The governor’s budget also included the Blueprint for Maryland’s Future, with some changes and additions. The Blueprint for Maryland’s Future is a comprehensive 10-year education funding plan that has gone back and forth between Hogan and the Maryland state legislature over the past year, with each branch fighting to make it their own.
Hogan’s new version includes funding for supplemental instruction and tutoring, and grants that protect against declining enrollment and support transportation for people with disabilities.
If the governor’s budget passes as is, FCPS would receive $3.2 million for supplemental instruction and tutoring, $1.2 million to help with the declined enrollment seen this school year and $800,000 for transportation costs.

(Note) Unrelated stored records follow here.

lemma PL_iff:
  "\<alpha> \<in> PL\<^sub>r \<longleftrightarrow> (\<forall>u\<in>V\<^sub>r. \<alpha> u \<in> G\<^sub>r) \<and> (\<forall>u. u \<notin> V\<^sub>r \<longrightarrow> \<alpha> u = 0) \<and> integral_slopes \<alpha>"
  unfolding PL_def integral_slopes_def by simp

lemma fine: "fine_monoid M" and sharp: "sharp_monoid M"
  using monoid unfolding fs_sharp_monoid_def by auto

lemma edge_props: "e \<in> E \<Longrightarrow> src e \<in> V \<and> tgt e \<in> V \<and> len e \<in> M \<and> len e \<noteq> 0"
  using graph unfolding metric_graph_def by auto

lemma sub_edges_iff: "(e, j) \<in> E\<^sub>r \<longleftrightarrow> e \<in> E \<and> j < r"
  unfolding sub_edges_def by auto

lemma finite_sub_edges: "finite E\<^sub>r"
  using graph unfolding metric_graph_def sub_edges_def by auto

lemma finite_sub_vertices: "finite V\<^sub>r"
proof -
  have "{Inr (e, j) | e j. e \<in> E \<and> 0 < j \<and> j < r} \<subseteq> Inr ` E\<^sub>r"
    by (auto simp: sub_edges_iff)
  then show ?thesis
    using graph finite_sub_edges finite_subset unfolding sub_vertices_def metric_graph_def by blast
qed

lemma node_in_sub_vertices: "e \<in> E \<Longrightarrow> j \<le> r \<Longrightarrow> node src tgt r e j \<in> V\<^sub>r"
  unfolding sub_vertices_def node_def using edge_props by auto

lemma head_in_sub_vertices: "c \<in> E\<^sub>r \<Longrightarrow> head\<^sub>r c \<in> V\<^sub>r"
  and tail_in_sub_vertices: "c \<in> E\<^sub>r \<Longrightarrow> tail\<^sub>r c \<in> V\<^sub>r"
  unfolding sub_head_def sub_tail_def sub_edges_def by (auto intro: node_in_sub_vertices)

lemma sub_len_nonzero: "c \<in> E\<^sub>r \<Longrightarrow> len\<^sub>r c \<noteq> 0"
proof
  assume "c \<in> E\<^sub>r" "len\<^sub>r c = 0"
  then have "len (fst c) \<noteq> 0" "sc (1 / of_nat r) (len (fst c)) = 0"
    using edge_props by (auto simp: sub_len_def sub_edges_def)
  then show False using r_pos by (auto simp: sc_def fun_eq_iff)
qed

lemma slope_eqI:
  assumes "c \<in> E\<^sub>r" "\<alpha> (head\<^sub>r c) - \<alpha> (tail\<^sub>r c) = sc (of_int k) (len\<^sub>r c)"
  shows "slope\<^sub>r \<alpha> c = k"
  unfolding slope_def
proof (rule the_equality)
  fix k' assume "\<alpha> (head\<^sub>r c) - \<alpha> (tail\<^sub>r c) = sc (of_int k') (len\<^sub>r c)"
  then have "sc (of_int k') (len\<^sub>r c) = sc (of_int k) (len\<^sub>r c)" using assms(2) by simp
  then show "k' = k" using sc_right_cancel sub_len_nonzero[OF assms(1)] by fastforce
qed (rule assms(2))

Clabaugh explained these items have not yet been reflected in the budget’s working file. Staff is hoping to get more information from the state legislature on these items. It’s possible some strings might be attached to the funds for supplemental instruction and tutoring, she said.
Board Vice President Karen Yoho said she and other education advocates from around the state have been speaking with members of the state legislature about the importance of funding this year.
“We made sure to reinforce a declining enrollment and holding harmless so all of them heard that ... [Sen. Paul Pinsky], in particular, was very interested in tutoring to make up for learning loss, so my hope is there won’t be a lot of strings attached,” she said.
Due to the new numbers from the state, the variance in the budget decreased by approximately $6.7 million. The Board of Education and the Frederick County government will now have to figure out how to make up the remaining $27 million.
Discussion on the budget by board members before the vote was brief.
Board member David Bass encouraged the public to participate in the upcoming public hearing. He also asked that the school system consider including funding to expand American Sign Language in schools in future spending plans.
Board member Sue Johnson asked a question about increasing teacher salaries. Clabaugh said any salary increases are based on annual negotiated contracts with employee bargaining units. Board members will have the opportunity to talk about teacher pay in closed session meetings.
Board member Liz Barrett said while she supports the proposed budget, she would like to see more detailed cost and return on investment analyses done on FCPS’ spending.
“Taxpayers deserve to have information ... as our budget continues to expand ... the more data and accountability is going to be crucial,” she said.
Superintendent Terry Alban responded to Barrett’s requests, saying if the board is in favor of a deeper analysis, an outside expert would have to be contracted.
“I appreciate and agree with Ms. Barrett that that’s a question many community members are going to ask. I just don’t think that our staff has the technical expertise to do that kind of analysis,” she said.